NEW YORK — Over the past decade, magazine ad spending followed a simple, recognizable pattern: a prolonged boom, followed by a steep downturn and a gradual, tentative recovery. But now that publishers at last find themselves back on firmer ground, the landscape is less familiar.
In contrast to the boom-and-bust years, when spending advanced and retreated more or less across the board, the print ad economy of mid-2005 is more complex and variegated, marked by both pockets of solid growth (watches and jewelry, men’s grooming, entertainment) and patches of softness (European fashion, American automotive, pharmaceutical).
On balance, magazine ad spending growth has slowed somewhat from its pace in the final three months of 2004, when pages increased 7.1 percent and reported revenue jumped 14.1 percent, according to the Publishers Information Bureau. (PIB revenue figures don’t reflect discounts, and thus are considered less reliable than page tallies.) In the first quarter of this year, pages were up a more modest 1.2 percent, while revenue rose 9.4 percent.
The good news is the tempo is starting to pick up again, said Michael Clinton, executive vice president, chief marketing officer and publishing director for Hearst Magazines. “The year started out slowly, but it’s been a fairly robust second quarter,” he said. “There are more campaigns, more ad dollars, more people committed to print than in the previous year.”
“I would say we’re looking at a year that has some bright spots and definitely a few weaker spots,” said Chris Mitchell, publisher of Details. “The general perception is that last year was a more robust ad market.”
The best way to make sense of the confusing ad picture is by focusing on a handful of consumer, business and economic trends that are driving spending. Of these, perhaps the most significant is what’s happening with television. As the reach of the big networks dwindles and viewers increasingly use digital technology to avoid seeing commercials, makers of entertainment programming have shown greater willingness to weave sponsors’ marketing messages into the fabric of their shows.
Publishers have mixed reactions to this. On one hand, ad zappers and audience shrinkage give them leverage to lure dollars away from TV. Peter King Hunsinger, publisher of GQ, said he has seen new business from what he calls “Super Bowl advertisers” such as Pepsi and Anheuser-Busch. “We have an audience of five million readers,” he said. “As TV continues to fragment, that’s a bigger and bigger number.”

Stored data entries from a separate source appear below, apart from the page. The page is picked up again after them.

(* For all positive integers $n,k$, the groups $\mathbb{Z}_{2n}\mathbin{\mathrm{wr}}\mathbb{Z}^k$ and $\mathbb{Z}_{3n}\mathbin{\mathrm{wr}}\mathbb{Z}^{2k+1}$ have the $R_\infty$-property.
   Context: $\mathbb{Z}_m\mathbin{\mathrm{wr}}\mathbb{Z}^k=\bigoplus_{x\in\mathbb{Z}^k}(\mathbb{Z}_m)_x\rtimes\mathbb{Z}^k$ is the restricted wreath product, with $\mathbb{Z}^k$ acting by shifting indices. For an automorphism $\varphi$ of a group $G$, elements $g_1,g_2$ are $\varphi$-twisted conjugate if $g_1=hg_2\varphi(h^{-1})$ for some $h\in G$; the number $R(\varphi)$ of these classes is the Reidemeister number. A group has the $R_\infty$-property if $R(\varphi)=\infty$ for every automorphism $\varphi$. *)

theory Defs
  imports "HOL-Algebra.Group" "HOL-Algebra.Coset"
begin

text \<open>Restricted wreath product Z_m wr Z^k = (\<Oplus>_{x \<in> Z^k} Z_m) \<rtimes> Z^k.
  Points of Z^k are integer lists of length k.
  Z^k acts on the base by shifting indices: (v \<cdot> g)(x) = g(x - v).\<close>

definition vadd :: "int list \<Rightarrow> int list \<Rightarrow> int list" where
  "vadd v w = map2 (+) v w"

definition vsub :: "int list \<Rightarrow> int list \<Rightarrow> int list" where
  "vsub v w = map2 (-) v w"

definition wr_carrier :: "nat \<Rightarrow> nat \<Rightarrow> ((int list \<Rightarrow> int) \<times> int list) set" where
  "wr_carrier m k = {(f, v). length v = k
      \<and> (\<forall>x. 0 \<le> f x \<and> f x < int m)
      \<and> (\<forall>x. length x \<noteq> k \<longrightarrow> f x = 0)
      \<and> finite {x. f x \<noteq> 0}}"

definition wr_mult :: "nat \<Rightarrow> nat \<Rightarrow> ((int list \<Rightarrow> int) \<times> int list) \<Rightarrow> ((int list \<Rightarrow> int) \<times> int list)
    \<Rightarrow> ((int list \<Rightarrow> int) \<times> int list)" where
  "wr_mult m k a b =
     ((\<lambda>x. if length x = k then (fst a x + fst b (vsub x (snd a))) mod int m else 0),
      vadd (snd a) (snd b))"

definition wreath :: "nat \<Rightarrow> nat \<Rightarrow> ((int list \<Rightarrow> int) \<times> int list) monoid" where
  "wreath m k = \<lparr>carrier = wr_carrier m k, mult = wr_mult m k,
                 one = (\<lambda>x. 0, replicate k 0)\<rparr>"

definition twisted_conj :: "('a, 'b) monoid_scheme \<Rightarrow> ('a \<Rightarrow> 'a) \<Rightarrow> 'a \<Rightarrow> 'a \<Rightarrow> bool" where
  "twisted_conj G \<phi> g1 g2 \<longleftrightarrow>
     (\<exists>h \<in> carrier G. g1 = h \<otimes>\<^bsub>G\<^esub> g2 \<otimes>\<^bsub>G\<^esub> \<phi> (inv\<^bsub>G\<^esub> h))"

definition reidemeister_classes :: "('a, 'b) monoid_scheme \<Rightarrow> ('a \<Rightarrow> 'a) \<Rightarrow> 'a set set" where
  "reidemeister_classes G \<phi> =
     carrier G // {(g1, g2). g1 \<in> carrier G \<and> g2 \<in> carrier G \<and> twisted_conj G \<phi> g1 g2}"

definition R_infinity :: "('a, 'b) monoid_scheme \<Rightarrow> bool" where
  "R_infinity G \<longleftrightarrow> (\<forall>\<phi> \<in> iso G G. infinite (reidemeister_classes G \<phi>))"

end

theory Submission
  imports Defs "Jordan_Normal_Form.Char_Poly" "HOL-Library.List_Lexorder"
begin

(* An automorphism phi of G = Z_m wr Z^k preserves the base group B of finitely supported
   functions Z^k -> Z_m (its elements are exactly those whose m-th power is trivial) and induces
   an automorphism mu of Z^k.

   If det (1 - mu) = 0, a nonzero linear form r vanishes on the image of 1 - mu, and r v is an
   invariant of the twisted class of (0, v).

   Otherwise fix a prime p dividing m.  Modulo p, phi acts on B as f |-> u0 * mu_*(f); as phi is
   invertible, u0 is a unit of F_p[Z^k], hence a monomial eps delta_w0 (compare leading terms in
   the lexicographic order).  So modulo p, phi moves the coefficient at x to Aff x = mu x + w0 and
   multiplies it by eps.  Since mu has no nonzero fixed point, twisted conjugacy inside B is by
   elements of B, and for every chi with chi o Aff = eps^-1 chi the sum of chi(y) f(y) is invariant
   modulo p.  For p = 2 we have eps = 1 and take chi the indicator of an Aff-orbit; for p = 3 and
   eps = -1 we take the alternating indicator, which exists on orbits without odd period, and k
   odd provides those (a real matrix of odd size with M^N = 1, N odd, has eigenvalue 1).  The
   content of Aff x - x is an orbit invariant, which yields infinitely many such orbits. *)

section \<open>Integer vectors as lists\<close>

abbreviation vzero :: "nat \<Rightarrow> int list" where "vzero k \<equiv> replicate k 0"
abbreviation Zvec :: "nat \<Rightarrow> int list set" where "Zvec k \<equiv> {x. length x = k}"

definition vneg :: "int list \<Rightarrow> int list" where "vneg v = map uminus v"
definition vsmul :: "int \<Rightarrow> int list \<Rightarrow> int list" where "vsmul c v = map ((*) c) v"
definition vbasis :: "nat \<Rightarrow> nat \<Rightarrow> int list" where "vbasis k j = (vzero k)[j := 1]"
definition vdot :: "int list \<Rightarrow> int list \<Rightarrow> int" where "vdot r v = (\<Sum>i<length r. r ! i * v ! i)"
definition vcontent :: "int list \<Rightarrow> int" where "vcontent y = Gcd (set y)"

lemma length_vadd [simp]: "length (vadd v w) = min (length v) (length w)"
  by (simp add: vadd_def)
lemma length_vsub [simp]: "length (vsub v w) = min (length v) (length w)"
  by (simp add: vsub_def)
lemma length_vneg [simp]: "length (vneg v) = length v"
  by (simp add: vneg_def)
lemma length_vsmul [simp]: "length (vsmul c v) = length v"
  by (simp add: vsmul_def)
lemma length_vbasis [simp]: "length (vbasis k j) = k"
  by (simp add: vbasis_def)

The downside is that, as advertisers have grown used to seeing their brands worked into sitcom plots and reality TV contests, they’ve started to demand the same from magazines. “We are hearing more and more of our clients talk about product integration,” said Playboy publisher Diane Silberstein.

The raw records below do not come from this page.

(* For every integer $k\ge 6$, there are infinitely many (pairwise non-isomorphic) $k$-vertex-critical graphs that are simultaneously $2P_2$-free, $(K_3+P_1)$-free and $C_5$-free.
   Context: $\chi(G)$ denotes the chromatic number of $G$. A graph $G$ is $k$-vertex-critical if $\chi(G)=k$ and $\chi(G-v)<k$ for every vertex $v$ of $G$. $2P_2$ is the disjoint union of two copies of the path on two vertices; $K_3+P_1$ is the disjoint union of a triangle and an isolated vertex; $C_5$ is the 5-cycle. A graph is $H$-free if it contains no induced subgraph isomorphic to $H$. *)

theory Defs
  imports Main
begin

type_synonym 'a graph = "'a set \<times> 'a set set"

definition verts :: "'a graph \<Rightarrow> 'a set" where "verts G = fst G"
definition edges :: "'a graph \<Rightarrow> 'a set set" where "edges G = snd G"

definition fin_graph :: "'a graph \<Rightarrow> bool" where
  "fin_graph G \<longleftrightarrow> finite (verts G) \<and>
     (\<forall>e\<in>edges G. \<exists>u v. e = {u, v} \<and> u \<noteq> v \<and> u \<in> verts G \<and> v \<in> verts G)"

definition adj :: "'a graph \<Rightarrow> 'a \<Rightarrow> 'a \<Rightarrow> bool" where
  "adj G u v \<longleftrightarrow> {u, v} \<in> edges G"

definition colourable :: "'a graph \<Rightarrow> nat \<Rightarrow> bool" where
  "colourable G k \<longleftrightarrow> (\<exists>c :: 'a \<Rightarrow> nat. (\<forall>v\<in>verts G. c v < k) \<and>
      (\<forall>u\<in>verts G. \<forall>v\<in>verts G. adj G u v \<longrightarrow> c u \<noteq> c v))"

definition chromatic_number :: "'a graph \<Rightarrow> nat" where
  "chromatic_number G = (LEAST k. colourable G k)"

definition delete_vertex :: "'a graph \<Rightarrow> 'a \<Rightarrow> 'a graph" where
  "delete_vertex G v = (verts G - {v}, {e\<in>edges G. v \<notin> e})"

definition vertex_critical :: "nat \<Rightarrow> 'a graph \<Rightarrow> bool" where
  "vertex_critical k G \<longleftrightarrow> chromatic_number G = k \<and>
     (\<forall>v\<in>verts G. chromatic_number (delete_vertex G v) < k)"

definition graph_iso :: "'a graph \<Rightarrow> 'b graph \<Rightarrow> bool" where
  "graph_iso G H \<longleftrightarrow> (\<exists>f. bij_betw f (verts G) (verts H) \<and>
     (\<forall>u\<in>verts G. \<forall>v\<in>verts G. adj H (f u) (f v) \<longleftrightarrow> adj G u v))"

definition contains_induced :: "'a graph \<Rightarrow> 'b graph \<Rightarrow> bool" where
  "contains_induced G H \<longleftrightarrow> (\<exists>f. inj_on f (verts H) \<and> f ` verts H \<subseteq> verts G \<and>
     (\<forall>u\<in>verts H. \<forall>v\<in>verts H. adj G (f u) (f v) \<longleftrightarrow> adj H u v))"

definition H_free :: "'b graph \<Rightarrow> 'a graph \<Rightarrow> bool" where
  "H_free H G \<longleftrightarrow> \<not> contains_induced G H"

definition two_P2 :: "nat graph" where
  "two_P2 = ({0,1,2,3}, {{0,1},{2,3}})"

definition K3_plus_P1 :: "nat graph" where
  "K3_plus_P1 = ({0,1,2,3}, {{0,1},{1,2},{0,2}})"

definition C5 :: "nat graph" where
  "C5 = ({0,1,2,3,4}, {{0,1},{1,2},{2,3},{3,4},{4,0}})"

end

theory Submission
  imports Defs "HOL-Library.Infinite_Set"
begin

text \<open>
  Take the complement of the \<open>p\<close>-th power of the cycle on \<open>n = (k - 1)(p + 1) + 1\<close>
  vertices: two residues mod \<open>n\<close> are adjacent when their cyclic distance exceeds \<open>p\<close>.
  An independent set has cyclic diameter at most \<open>p\<close>, so it has at most \<open>p + 1\<close>
  elements and more than \<open>k - 1\<close> colours are needed; cutting the cycle into arcs of
  \<open>p + 1\<close> consecutive vertices gives a \<open>k\<close>-colouring, and a \<open>(k - 1)\<close>-colouring once
  the cycle has been opened at a deleted vertex. An induced \<open>2P\<^sub>2\<close>, \<open>K\<^sub>3 + P\<^sub>1\<close> or
  \<open>C\<^sub>5\<close> would be a solution of a small system of linear inequalities, and these systems
  are infeasible as soon as \<open>n > 5p\<close>, which is where \<open>k \<ge> 6\<close> is needed. Different
  values of \<open>p\<close> give graphs of different orders.
\<close>

definition independent_set :: "'a graph \<Rightarrow> 'a set \<Rightarrow> bool" where
  "independent_set G I \<longleftrightarrow> I \<subseteq> verts G \<and> (\<forall>u\<in>I. \<forall>v\<in>I. \<not> adj G u v)"

lemma card_verts_le_if_colourable:
  assumes "finite (verts G)"
    and independent_card: "\<And>I. independent_set G I \<Longrightarrow> card I \<le> \<alpha>"
    and "colourable G j"
  shows "card (verts G) \<le> j * \<alpha>"
proof -
  obtain c where c_range: "\<forall>v\<in>verts G. c v < j"
    and c_proper: "\<forall>u\<in>verts G. \<forall>v\<in>verts G. adj G u v \<longrightarrow> c u \<noteq> c v"
    using \<open>colourable G j\<close> unfolding colourable_def by blast
  define colour_class where "colour_class i = {v \<in> verts G. c v = i}" for i
  have "independent_set G (colour_class i)" for i
    using c_proper unfolding independent_set_def colour_class_def by fastforce
  then have colour_class_card: "card (colour_class i) \<le> \<alpha>" for i
    by (rule independent_card)
  have "verts G = (\<Union>i<j. colour_class i)"
    using c_range unfolding colour_class_def by auto
  then have "card (verts G) \<le> (\<Sum>i<j. card (colour_class i))"
    by (metis card_UN_le finite_lessThan)
  also have "\<dots> \<le> j * \<alpha>"
    using sum_bounded_above[of "{..<j}" "\<lambda>i. card (colour_class i)" \<alpha>] colour_class_card by simp
  finally show ?thesis .
qed

lemma chromatic_number_eqI:
  assumes "colourable G k" and "\<And>j. colourable G j \<Longrightarrow> k \<le> j"
  shows "chromatic_number G = k"
  unfolding chromatic_number_def by (rule Least_equality) (use assms in auto)

lemma chromatic_number_le:
  "colourable G k \<Longrightarrow> chromatic_number G \<le> k"
  unfolding chromatic_number_def by (rule Least_le)

lemma verts_delete_vertex: "verts (delete_vertex G v) = verts G - {v}"
  by (simp add: delete_vertex_def verts_def)

lemma adj_delete_vertexD: "adj (delete_vertex G v) x y \<Longrightarrow> adj G x y"
  by (simp add: adj_def delete_vertex_def edges_def)

lemma graph_iso_card_verts: "graph_iso G H \<Longrightarrow> card (verts G) = card (verts H)"
  unfolding graph_iso_def by (metis bij_betw_same_card)

text \<open>For representatives \<open>0 \<le> x, y < n\<close> of residues mod \<open>n\<close>, the cyclic distance is
  \<open>min \<bar>x - y\<bar> (n - \<bar>x - y\<bar>)\<close>, so this says that it exceeds \<open>p\<close>.\<close>

definition cyclic_far :: "int \<Rightarrow> int \<Rightarrow> int \<Rightarrow> int \<Rightarrow> bool" where
  "cyclic_far n p x y \<longleftrightarrow> p < \<bar>x - y\<bar> \<and> \<bar>x - y\<bar> < n - p"

definition cycle_power_compl :: "nat \<Rightarrow> nat \<Rightarrow> nat graph" where
  "cycle_power_compl n p =
     ({..<n}, {{x, y} | x y. x < n \<and> y < n \<and> cyclic_far (int n) (int p) (int x) (int y)})"

lemma cyclic_far_sym: "cyclic_far n p x y \<longleftrightarrow> cyclic_far n p y x"
  unfolding cyclic_far_def by (simp add: abs_minus_commute)

lemma cyclic_far_irrefl: "0 \<le> p \<Longrightarrow> \<not> cyclic_far n p x x"
  unfolding cyclic_far_def by simp

lemma cyclic_far_rotate:
  fixes x y r n :: nat
  assumes "x < n" "y < n" "r \<le> n"
  shows "cyclic_far (int n) (int p) (int ((x + r) mod n)) (int ((y + r) mod n))
     \<longleftrightarrow> cyclic_far (int n) (int p) (int x) (int y)"
proof -
  have rotate: "int ((z + r) mod n) = int z + int r - (if z + r < n then 0 else int n)"
    if "z < n" for z
  proof -
    have "(z + r) mod n = (if z + r < n then z + r else z + r - n)"
      using that assms(3) by (simp add: mod_if)
    then show ?thesis by (simp add: of_nat_diff)
  qed
  show ?thesis
    using assms unfolding cyclic_far_def rotate[OF assms(1)] rotate[OF assms(2)]
    by (auto split: abs_split)
qed

lemma same_block_not_cyclic_far:
  fixes x y :: nat
  assumes "x div (p + 1) = y div (p + 1)"
  shows "\<not> cyclic_far n (int p) (int x) (int y)"
proof -
  have "x < y + (p + 1)" "y < x + (p + 1)"
    using dividend_less_div_times[of "p + 1" x] dividend_less_div_times[of "p + 1" y]
      div_times_less_eq_dividend[of x "p + 1"] div_times_less_eq_dividend[of y "p + 1"] assms
    by auto
  then show ?thesis
    unfolding cyclic_far_def by auto
qed

lemma verts_cycle_power_compl: "verts (cycle_power_compl n p) = {..<n}"
  by (simp add: cycle_power_compl_def verts_def)

lemma adj_cycle_power_compl:
  "adj (cycle_power_compl n p) x y \<longleftrightarrow> x < n \<and> y < n \<and> cyclic_far (int n) (int p) (int x) (int y)"
  unfolding adj_def edges_def cycle_power_compl_def
  by (auto simp: doubleton_eq_iff cyclic_far_sym)

lemma fin_graph_cycle_power_compl: "fin_graph (cycle_power_compl n p)"
  unfolding fin_graph_def verts_cycle_power_compl
proof (intro conjI ballI)
  fix e assume "e \<in> edges (cycle_power_compl n p)"
  then obtain x y where "e = {x, y}" "x < n" "y < n" "cyclic_far (int n) (int p) (int x) (int y)"
    by (auto simp: cycle_power_compl_def edges_def)
  moreover from this have "x \<noteq> y"
    using cyclic_far_irrefl[of "int p"] by auto
  ultimately show "\<exists>u v. e = {u, v} \<and> u \<noteq> v \<and> u \<in> {..<n} \<and> v \<in> {..<n}"
    by blast
qed simp

lemma contains_induced_cycle_power_complE:
  assumes "contains_induced (cycle_power_compl n p) H"
  obtains g :: "'b \<Rightarrow> int"
  where "\<forall>u\<in>verts H. 0 \<le> g u \<and> g u < int n"
    and "\<forall>u\<in>verts H. \<forall>v\<in>verts H. cyclic_far (int n) (int p) (g u) (g v) \<longleftrightarrow> adj H u v"
proof -
  obtain f where "f ` verts H \<subseteq> {..<n}"
    and "\<forall>u\<in>verts H. \<forall>v\<in>verts H. adj (cycle_power_compl n p) (f u) (f v) \<longleftrightarrow> adj H u v"
    using assms unfolding contains_induced_def verts_cycle_power_compl by blast
  then show thesis
    by (intro that[of "\<lambda>u. int (f u)"]) (auto simp: adj_cycle_power_compl image_subset_iff)
qed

“The agencies are being more and more hard-lined about our unwillingness to play at this high-stakes game,” agreed Us Weekly publisher Victoria Lasdon Rose.
Publishers who don’t want to compromise their editorial integrity can point to stringent guidelines set by the American Society of Magazine Editors, which forbid, among other things, the use of brand names on the cover to promote deals or contests. But these rules seem to be losing some of their force. Earlier this year, Atoosa Rubenstein, editor in chief of Seventeen, let her ASME membership lapse rather than risk censure for putting brand names on the cover. Shop Etc., a new Hearst title, also features brands on the cover; editor in chief Mandi Norwood is not an ASME member.
Seventeen publisher Jayne Jamison insisted the magazine’s decision was not driven by advertiser pressure. “The idea of featuring brands and stores where kids shop is what’s really driving our newsstand growth,” she said, adding that the magazine does not plan to meld editorial and advertising content. “I feel like the advertorial is the answer for advertisers who want to integrate products.”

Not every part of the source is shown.